Circumcising men can help protect them from the AIDS virus, researchers said after finishing the first study that tried using the procedure specifically to prevent infection.
/ Source: Reuters

Circumcising men can help protect them from the AIDS virus, researchers said Tuesday after finishing the first study that tried using the procedure specifically to prevent infection.

But United Nations health officials cautioned that more trials were necessary before they would recommend this as a method to protect against AIDS.

The circumcised men were 65 percent less likely to become infected with the deadly and incurable virus, the researchers told the International AIDS Society Conference in Rio de Janeiro.

Several studies have suggested that men who are circumcised have a lower rate of HIV infection. This has been especially noticeable in some parts of Africa, where some groups are routinely circumcised while neighboring groups are not.

Researchers believe circumcision helps to cut infection risk because the foreskin is covered in cells that the virus seems able to easily infect. The virus may also survive better in a warm, wet environment like that found beneath a foreskin.

Bertran Auvert of the French National Research Agency INSERM and colleagues tested more than 3,000 uninfected men aged 18-24 South Africa’s Guateng province, where 32 percent of adults are infected.

Some of the men were circumcised at the start of the trial while others had the procedure after 21 months.

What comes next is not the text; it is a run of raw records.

text \<open>Each subgraph processes its messages one at a time, but the processing of a message is
split into fine-grained steps (one per live vertex / per external edge, in arbitrary order)
which interleave arbitrarily with the steps of other subgraphs, with message delivery order,
with (stale) updates of local bounds, and with pruning.\<close>

inductive dstep :: "('v, 'p, 'o) dknn_inst \<Rightarrow> ('v, 'p, 'o) dstate \<Rightarrow> ('v, 'p, 'o) dstate \<Rightarrow> bool"
  for N where
  discard:
  "\<lbrakk> (vb, d) \<in># inbox s; p = part N vb; active s p = None;
     p \<in> pruned s \<or> d > leps s p \<or> d > Dt s p vb \<rbrakk>
   \<Longrightarrow> dstep N s (s\<lparr> inbox := inbox s - {#(vb, d)#} \<rparr>)"
| start:
  "\<lbrakk> (vb, d) \<in># inbox s; p = part N vb; active s p = None;
     p \<notin> pruned s; d \<le> leps s p; d \<le> Dt s p vb \<rbrakk>
   \<Longrightarrow> dstep N s (s\<lparr> inbox := inbox s - {#(vb, d)#},
                      Dt := (Dt s)(p := (Dt s p)(vb := d)),
                      active := (active s)(p := Some ((vb, d), live_set N p, ext_edges N p)) \<rparr>)"
| live_upd:
  "\<lbrakk> active s p = Some ((vb, d), L, B); vi \<in> L; c = d + dsub N p vb vi; c \<le> Dt s p vi \<rbrakk>
   \<Longrightarrow> dstep N s (s\<lparr> Dt := (Dt s)(p := (Dt s p)(vi := c)),
                      reps := reps s \<union> {(ob, c + ereal (rem N ob)) | ob.
                                ob \<in> Obj N \<and> vloc N ob = vi \<and> c + ereal (rem N ob) < leps s p},
                      active := (active s)(p := Some ((vb, d), L - {vi}, B)) \<rparr>)"
| live_skip:
  "\<lbrakk> active s p = Some ((vb, d), L, B); vi \<in> L; \<not> d + dsub N p vb vi \<le> Dt s p vi \<rbrakk>
   \<Longrightarrow> dstep N s (s\<lparr> active := (active s)(p := Some ((vb, d), L - {vi}, B)) \<rparr>)"
| ext_upd:
  "\<lbrakk> active s p = Some ((vb, d), L, B); (vj, v') \<in> B;
     c = d + dsub N p vb vj + ereal (wt N vj v'); c \<le> Dt s p v' \<rbrakk>
   \<Longrightarrow> dstep N s (s\<lparr> Dt := (Dt s)(p := (Dt s p)(v' := c)),
                      inbox := inbox s + {#(v', c)#},
                      active := (active s)(p := Some ((vb, d), L, B - {(vj, v')})) \<rparr>)"
| ext_skip:
  "\<lbrakk> active s p = Some ((vb, d), L, B); (vj, v') \<in> B;
     \<not> d + dsub N p vb vj + ereal (wt N vj v') \<le> Dt s p v' \<rbrakk>
   \<Longrightarrow> dstep N s (s\<lparr> active := (active s)(p := Some ((vb, d), L, B - {(vj, v')})) \<rparr>)"
| finish:
  "active s p = Some (m, {}, {}) \<Longrightarrow> dstep N s (s\<lparr> active := (active s)(p := None) \<rparr>)"
| bound:
  "\<lbrakk> p \<notin> pruned s; e \<ge> geps N s \<rbrakk> \<Longrightarrow> dstep N s (s\<lparr> leps := (leps s)(p := e) \<rparr>)"
| prune:
  "\<lbrakk> p \<noteq> part N (vq N); Edist N p > geps N s \<rbrakk>
   \<Longrightarrow> dstep N s (s\<lparr> pruned := insert p (pruned s), leps := (leps s)(p := 0) \<rparr>)"

definition reachable :: "('v, 'p, 'o) dknn_inst \<Rightarrow> ('v, 'p, 'o) dstate \<Rightarrow> bool" where
  "reachable N s \<longleftrightarrow> (dstep N)\<^sup>*\<^sup>* (init_state N) s"

definition is_result :: "('v, 'p, 'o) dknn_inst \<Rightarrow> ('v, 'p, 'o) dstate \<Rightarrow> 'o set \<Rightarrow> bool" where
  "is_result N s R \<longleftrightarrow> R \<subseteq> rep_objs s \<and> card R = min (kq N) (card (rep_objs s))
      \<and> (\<forall>ob \<in> R. \<forall>o' \<in> rep_objs s - R. rep s ob \<le> rep s o')"

definition wf_inst :: "('v, 'p, 'o) dknn_inst \<Rightarrow> bool" where
  "wf_inst N \<longleftrightarrow>
     finite (Vs N) \<and> Es N \<subseteq> Vs N \<times> Vs N \<and>
     (\<forall>u v. (u, v) \<in> Es N \<longrightarrow> (v, u) \<in> Es N \<and> wt N u v = wt N v u \<and> wt N u v \<ge> 0) \<and>
     finite (Obj N) \<and> (\<forall>ob \<in> Obj N. vloc N ob \<in> Vs N \<and> rem N ob \<ge> 0) \<and>
     vq N \<in> Vs N"

definition connected_graph :: "('v, 'p, 'o) dknn_inst \<Rightarrow> bool" where
  "connected_graph N \<longleftrightarrow> (\<forall>a \<in> Vs N. \<forall>b \<in> Vs N.
      \<exists>xs. is_walk (Es N) xs \<and> hd xs = a \<and> last xs = b \<and> set xs \<subseteq> Vs N)"

end

theory Submission
  imports Defs
begin

text \<open>
  Every reachable state satisfies an invariant, stated with a ghost record F of the messages
  whose processing by each subgraph has finished. Its soundness part says that messages, table
  entries and reports never underestimate shortest-path distances (triangle inequality). Its
  completeness part says that every table entry D_p(v) is covered: the subgraph of v is pruned,
  or D_p(v) is at least the global bound, or a started message of that subgraph reaches v within
  D_p(v), or a message carrying it is still in transit; that finished messages have propagated
  to all external edges and live vertices; and that an object on a live vertex of an unpruned
  subgraph has been reported within its table distance unless the global bound is smaller.

  Once the buffer is empty, induction along a walk from v_q shows that every vertex v is
  reached by a finished message within the walk length, or the walk is at least as long as the
  global bound. A walk cannot enter a pruned subgraph cheaply, since its length dominates the
  Euclidean distance from v_q to the border of that subgraph, which exceeds the bound. Hence
  min(rep(o), eps) <= SD(v_q, o) <= rep(o) for every object o, and any k smallest reports are
  k nearest neighbours.
\<close>

section \<open>Walks and shortest-path distances\<close>

lemma ereal_le_Inf_add:
  fixes A :: "ereal set"
  assumes "\<And>a. a \<in> A \<Longrightarrow> 0 \<le> a" and "0 \<le> c" and "\<And>a. a \<in> A \<Longrightarrow> z \<le> a + c"
  shows "z \<le> Inf A + c"
proof (cases "A = {}")
  case True
  then show ?thesis using assms(2) by (simp add: top_ereal_def)
next
  case False
  have "Inf A + c = (INF a\<in>A. a + c)"
    using INF_ereal_add_left[of A c "\<lambda>a. a"] False assms(1,2) by auto
  then show ?thesis using assms(3) by (auto intro: INF_greatest)
qed

lemma is_walk_snoc:
  "xs \<noteq> [] \<Longrightarrow> is_walk E (xs @ [y]) \<longleftrightarrow> is_walk E xs \<and> (last xs, y) \<in> E"
  by (induction xs rule: is_walk.induct) auto

lemma walk_len_snoc:
  "xs \<noteq> [] \<Longrightarrow> walk_len w (xs @ [y]) = walk_len w xs + w (last xs) y"
  by (induction w xs rule: walk_len.induct) auto

lemma is_walk_join:
  "is_walk E xs \<Longrightarrow> is_walk E ys \<Longrightarrow> last xs = hd ys \<Longrightarrow> is_walk E (xs @ tl ys)"
  by (induction xs rule: is_walk.induct) (auto simp: neq_Nil_conv elim: is_walk.elims)

lemma walk_len_join:
  "is_walk E xs \<Longrightarrow> is_walk E ys \<Longrightarrow> last xs = hd ys \<Longrightarrow>
   walk_len w (xs @ tl ys) = walk_len w xs + walk_len w ys"
  by (induction w xs rule: walk_len.induct) (auto elim: is_walk.elims)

At the end of the trial, researchers registered 69 HIV cases, and only 18 of them were in the men who were circumcised at the start.

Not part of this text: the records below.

(* Fix $n\ge 2$. For any $\epsilon>0$ and any tuple $(\mu_1,\dots,\mu_{n-2})\in\mathbb{R}^{n-2}$, there exists a matrix $A\in SL(n,\mathbb{Z})$ which is diagonalizable over $\mathbb{R}$ (so all its eigenvalues are real) such that its eigenvalues $\lambda_1,\dots,\lambda_n$ can be ordered so that (1) $|\lambda_i-\mu_i|<\epsilon$ for $1\le i\le n-2$; (2) $|\lambda_{n-1}|>1/\epsilon$ and $|\lambda_n|<\epsilon$. *)

theory Defs
  imports Complex_Main "Jordan_Normal_Form.Determinant"
begin

end

theory Submission
  imports Defs
begin

text \<open>Choose distinct nonzero rationals \<open>r\<^sub>i = a\<^sub>i / b\<close> close to the \<open>\<mu>\<^sub>i\<close> and consider the
  integer polynomial \<open>P(x) = x\<^sup>n + (-1)\<^sup>n - K x \<Prod>\<^sub>i (b x - a\<^sub>i)\<close>. For a large integer \<open>K\<close>
  the perturbation dominates near the points \<open>r\<^sub>i\<close> and \<open>0\<close>, where it changes sign, so \<open>P\<close> has
  \<open>n - 1\<close> real roots close to these points. The product of all roots of \<open>P\<close> is \<open>1\<close>, so the
  remaining root is huge. With \<open>n\<close> distinct real roots, the companion matrix of \<open>P\<close> lies in
  \<open>SL(n, \<int>)\<close> and is diagonalised by the Vandermonde matrix of its roots.\<close>

definition vandermonde_mat :: "nat \<Rightarrow> (nat \<Rightarrow> 'a::comm_ring_1) \<Rightarrow> 'a mat" where
  "vandermonde_mat n x = mat n n (\<lambda>(i, k). x k ^ i)"

definition companion_mat :: "'a::comm_ring_1 poly \<Rightarrow> 'a mat" where
  "companion_mat p = mat (degree p) (degree p)
     (\<lambda>(i, j). if Suc i = j then 1 else if Suc i = degree p then - coeff p j else 0)"

lemma vandermonde_mat_carrier [simp]: "vandermonde_mat n x \<in> carrier_mat n n"
  by (simp add: vandermonde_mat_def)

lemma companion_mat_carrier [simp]: "companion_mat p \<in> carrier_mat (degree p) (degree p)"
  by (simp add: companion_mat_def)

lemma det_mat_diag: "det (mat_diag n (f :: nat \<Rightarrow> 'a::comm_ring_1)) = (\<Prod>i<n. f i)"
proof -
  have "det (mat_diag n f) = prod_list (diag_mat (mat_diag n f))"
    by (rule det_upper_triangular) (auto simp: upper_triangular_def mat_diag_def)
  also have "diag_mat (mat_diag n f) = map f [0..<n]"
    by (auto simp: diag_mat_def mat_diag_def intro: nth_equalityI)
  finally show ?thesis
    by (simp add: prod.list_conv_set_nth lessThan_atLeast0)
qed

lemma det_vandermonde_mat_nonzero:
  fixes x :: "nat \<Rightarrow> 'a::field"
  assumes "inj_on x {..<n}"
  shows "det (vandermonde_mat n x) \<noteq> 0"
proof
  let ?V = "vandermonde_mat n x"
  assume "det ?V = 0"
  hence "det (transpose_mat ?V) = 0" by (subst det_transpose[of _ n]) auto
  then obtain v where v: "v \<in> carrier_vec n" "v \<noteq> 0\<^sub>v n" "transpose_mat ?V *\<^sub>v v = 0\<^sub>v n"
    using det_0_iff_vec_prod_zero[of "transpose_mat ?V" n] by auto
  from v obtain i0 where i0: "i0 < n" "v $ i0 \<noteq> 0"
    by (metis eq_vecI carrier_vecD index_zero_vec(1,2))
  \<comment> \<open>a nonzero polynomial of degree below \<open>n\<close> vanishing at the \<open>n\<close> distinct points \<open>x k\<close>\<close>
  define q where "q = (\<Sum>i<n. monom (v $ i) i)"
  have coeff_q: "coeff q j = (if j < n then v $ j else 0)" for j
    unfolding q_def by (simp add: coeff_sum coeff_monom)
  have "q \<noteq> 0" using coeff_q[of i0] i0 by auto
  have "degree q \<le> n - 1" by (rule degree_le) (auto simp: coeff_q)
  hence "degree q < n" using i0 by linarith
  have "poly q (x k) = 0" if "k < n" for k
  proof -
    have "(transpose_mat ?V *\<^sub>v v) $ k = 0" using v(3) that by simp
    thus ?thesis using that v(1)
      by (simp add: q_def poly_sum poly_monom vandermonde_mat_def scalar_prod_def lessThan_atLeast0 mult.commute)
  qed
  hence "x ` {..<n} \<subseteq> {z. poly q z = 0}" by auto
  hence "card (x ` {..<n}) \<le> card {z. poly q z = 0}"
    by (intro card_mono poly_roots_finite \<open>q \<noteq> 0\<close>)
  also have "\<dots> \<le> degree q" by (rule card_poly_roots_bound[OF \<open>q \<noteq> 0\<close>])
  finally show False using card_image[OF assms] \<open>degree q < n\<close> by simp
qed

lemma companion_mat_mult_vandermonde:
  fixes p :: "'a::comm_ring_1 poly"
  assumes monic: "lead_coeff p = 1" and roots: "\<And>k. k < degree p \<Longrightarrow> poly p (x k) = 0"
  shows "companion_mat p * vandermonde_mat (degree p) x
       = vandermonde_mat (degree p) x * mat_diag (degree p) x"
    (is "?C * ?V = ?V * ?D")
proof (rule eq_matI)
  let ?n = "degree p"
  fix i k assume "i < dim_row (?V * ?D)" "k < dim_col (?V * ?D)"
  hence i: "i < ?n" and k: "k < ?n" by (auto simp: vandermonde_mat_def mat_diag_def)
  have "(?C * ?V) $$ (i, k)
      = (\<Sum>j<?n. (if Suc i = j then 1 else if Suc i = ?n then - coeff p j else 0) * x k ^ j)"
    using i k by (auto simp: companion_mat_def vandermonde_mat_def scalar_prod_def
        lessThan_atLeast0 intro!: sum.cong)
  also have "\<dots> = x k ^ Suc i"
  proof (cases "Suc i = ?n")
    case True
    have "0 = poly p (x k)" using roots[OF k] by simp
    also have "\<dots> = (\<Sum>j<?n. coeff p j * x k ^ j) + x k ^ ?n"
      using monic by (simp add: poly_altdef lessThan_Suc_atMost[symmetric])
    finally have "x k ^ ?n = - (\<Sum>j<?n. coeff p j * x k ^ j)"
      by (simp add: eq_neg_iff_add_eq_0 add.commute)
    thus ?thesis using True by (simp add: sum_negf)
  next
    case False
    hence "(\<Sum>j<?n. (if Suc i = j then 1 else if Suc i = ?n then - coeff p j else 0) * x k ^ j)
        = (\<Sum>j<?n. if Suc i = j then x k ^ j else 0)"
      by (intro sum.cong) auto
    thus ?thesis using False i by simp
  qed
  also have "\<dots> = (?V * ?D) $$ (i, k)"
    using i k by (simp add: mat_diag_mult_right[of _ ?n] vandermonde_mat_def)
  finally show "(?C * ?V) $$ (i, k) = (?V * ?D) $$ (i, k)" .
qed (auto simp: companion_mat_def vandermonde_mat_def mat_diag_def)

“It shows that the intervention (circumcision) prevented between six and seven out of 10 possible infections,” said Auvert, noting that although the protection rate was high it was only partial.

Promising trial
He said the results were consistent with earlier simple observational studies in some African countries and India.

“Although the trial shows promising protective effects of adult male circumcision in reducing HIV acquisition, UNAIDS emphasizes that more research is needed,” the United Nations AIDS agency said in a statement.

Two more studies underway in Uganda and Kenya will provide more evidence, UNAIDS said.

“It is a very sensitive issue, and not just biologically,” said UNAIDS chief scientific adviser Catherine Hankins, adding that circumcision should only be used as part of a package of preventive measures such as the use of condoms and behavioral changes to limit the number of sexual partners.

The World Health Organization said it was working on guidelines for qualified medical personnel to conduct safe circumcision as demand for the operation may soon increase.

Health officials said they were concerned that such demand may increase the number of operations carried out by healers and witch-doctors, which could boost the risk of HIV infection rather than prevent it if they were not done correctly.

They also said a sense of false security from the operation as well as reduced sensitivity in the penis following circumcision could cause an increase in risky sexual behavior and a drop in condom use.